Maldives FA Cup

Tournament details
- Country: Maldives
- Teams: 20

Final positions
- Champions: Maziya S&RC (1st title)
- Runners-up: Club Eagles

= 2012 Maldives FA Cup =

The 2012 Maldives FA Cup was the 25th edition of the Maldives FA Cup.

The cup winner was guaranteed a spot in the 2013 AFC Cup.
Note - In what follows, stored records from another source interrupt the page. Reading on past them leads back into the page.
lemma expected_quad_loss_exp_dist:
  assumes "0 < \<sigma>" "0 < s"
  shows "expected_loss (quad_loss (exp_pdf \<sigma>)) (exp_dist s) = quad_risk \<sigma> s"
proof -
  have sum_inverses: "1 / s + 1 / \<sigma> = (\<sigma> + s) / (s * \<sigma>)"
    using assms by (simp add: field_simps)
  have "0 < 1 / s" "0 < 1 / s + 1 / \<sigma>"
    using assms by (simp_all add: add_pos_pos)
  then have "has_bochner_integral lborel
      (\<lambda>x. - 2 / (s * \<sigma>) * (indicator {0<..} x * exp (- (1 / s + 1 / \<sigma>) * x))
         + 1 / (2 * \<sigma> * s) * (indicator {0<..} x * exp (- (1 / s) * x)))
      (- 2 / (s * \<sigma>) * (exp (- (1 / s + 1 / \<sigma>) * 0) / (1 / s + 1 / \<sigma>))
         + 1 / (2 * \<sigma> * s) * (exp (- (1 / s) * 0) / (1 / s)))"
    by (intro has_bochner_integral_add has_bochner_integral_mult_right has_bochner_integral_exp_Ioi)
  moreover have "exp_pdf s x * quad_loss (exp_pdf \<sigma>) x
      = - 2 / (s * \<sigma>) * (indicator {0<..} x * exp (- (1 / s + 1 / \<sigma>) * x))
         + 1 / (2 * \<sigma> * s) * (indicator {0<..} x * exp (- (1 / s) * x))" for x
    unfolding quad_loss_def integral_exp_pdf_squared[OF assms(1)]
      exp_neg_divide_mult_exp_neg_divide[symmetric]
    by (auto simp: exp_pdf_def indicator_def algebra_simps)
  moreover have "- 2 / (s * \<sigma>) * (exp (- (1 / s + 1 / \<sigma>) * 0) / (1 / s + 1 / \<sigma>))
      + 1 / (2 * \<sigma> * s) * (exp (- (1 / s) * 0) / (1 / s)) = quad_risk \<sigma> s"
    using assms unfolding sum_inverses by (simp add: quad_risk_def)
  ultimately have "has_bochner_integral lborel (\<lambda>x. exp_pdf s x * quad_loss (exp_pdf \<sigma>) x) (quad_risk \<sigma> s)"
    by simp
  moreover have "quad_loss (exp_pdf \<sigma>) \<in> borel_measurable borel"
    unfolding quad_loss_def by measurable
  ultimately show ?thesis
    using assms by (simp add: expected_loss_exp_dist has_bochner_integral_integral_eq)
qed

definition scale_weight :: "real \<Rightarrow> real" where
  "scale_weight x = 2 / (1 + x)\<^sup>2"

lemma scale_weight_measurable [measurable]: "scale_weight \<in> borel_measurable borel"
  unfolding scale_weight_def by measurable

lemma scale_weight_add_scale_weight_inverse:
  assumes "0 < x"
  shows "scale_weight x + scale_weight (1 / x) = 1 + ((1 - x) / (1 + x))\<^sup>2"
proof -
  have "(1 + x)\<^sup>2 \<noteq> 0"
    using assms by simp
  then show ?thesis
    using assms unfolding scale_weight_def
    by (simp add: power_divide divide_simps) (simp add: algebra_simps power2_eq_square)
qed

lemma crp_risk_diff_le:
  fixes s \<sigma> :: real
  assumes s: "0 < s" and \<sigma>: "1 \<le> \<sigma>"
  shows "crp_risk \<sigma> s - crp_risk 1 s \<le> (\<sigma> - 1) * (1 / 2 - scale_weight (1 / s) / \<sigma>)"
proof -
  have pos: "0 < 1 + s" "0 < \<sigma> + s" "0 < \<sigma>"
    using s \<sigma> by auto
  have diff: "crp_risk \<sigma> s - crp_risk 1 s = (\<sigma> - 1) * (1 / 2 - 2 * s\<^sup>2 / ((1 + s) * (\<sigma> + s)))"
    using pos unfolding crp_risk_def
    by (simp add: divide_simps) (simp add: algebra_simps power2_eq_square)
  have weight: "scale_weight (1 / s) / \<sigma> = 2 * s\<^sup>2 / ((1 + s)\<^sup>2 * \<sigma>)"
    using s unfolding scale_weight_def by (simp add: field_simps)
  have "s \<le> \<sigma> * s" "s * s \<le> \<sigma> * (s * s)"
    using s \<sigma> mult_right_mono[of 1 \<sigma> "s * s"] by simp_all
  then have "(1 + s) * (\<sigma> + s) \<le> (1 + s)\<^sup>2 * \<sigma>"
    by (simp add: power2_eq_square algebra_simps)
  then have "2 * s\<^sup>2 / ((1 + s)\<^sup>2 * \<sigma>) \<le> 2 * s\<^sup>2 / ((1 + s) * (\<sigma> + s))"
    using pos by (intro frac_le) auto
  then show ?thesis
    unfolding diff weight using \<sigma> by (intro mult_left_mono) auto
qed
FA Cup 2012 opening that was scheduled for 2 May 2012, but was postponed to 10 May 2012, by the FAM.

==Teams==

- Club All Youth Linkage
- Club Amigos
- Club Eagles
- Club Green Streets
- Club PK
- Club Riverside
- Club Valencia
- Hurriyya Sports Club
- Kelaa Naalhi Sports
- Kudahuvadhoo Sports Club

- Mandhoo Youth Relation
- Maziya S&RC
- Muiveyo Friends Club
- Nolhivaranfaru Youth Development
- New Radiant SC
- TC Sports Club
- VB Addu FC
- Victory SC
- Vyansa
- Youth Revolution Club

==Second round proper==
In this round, the entire 8 league clubs will take part. Among the 12 non-league teams who participated in the first knockout round, Hurriyyaa SC and Muiveyo Friends Club were advanced to the second round.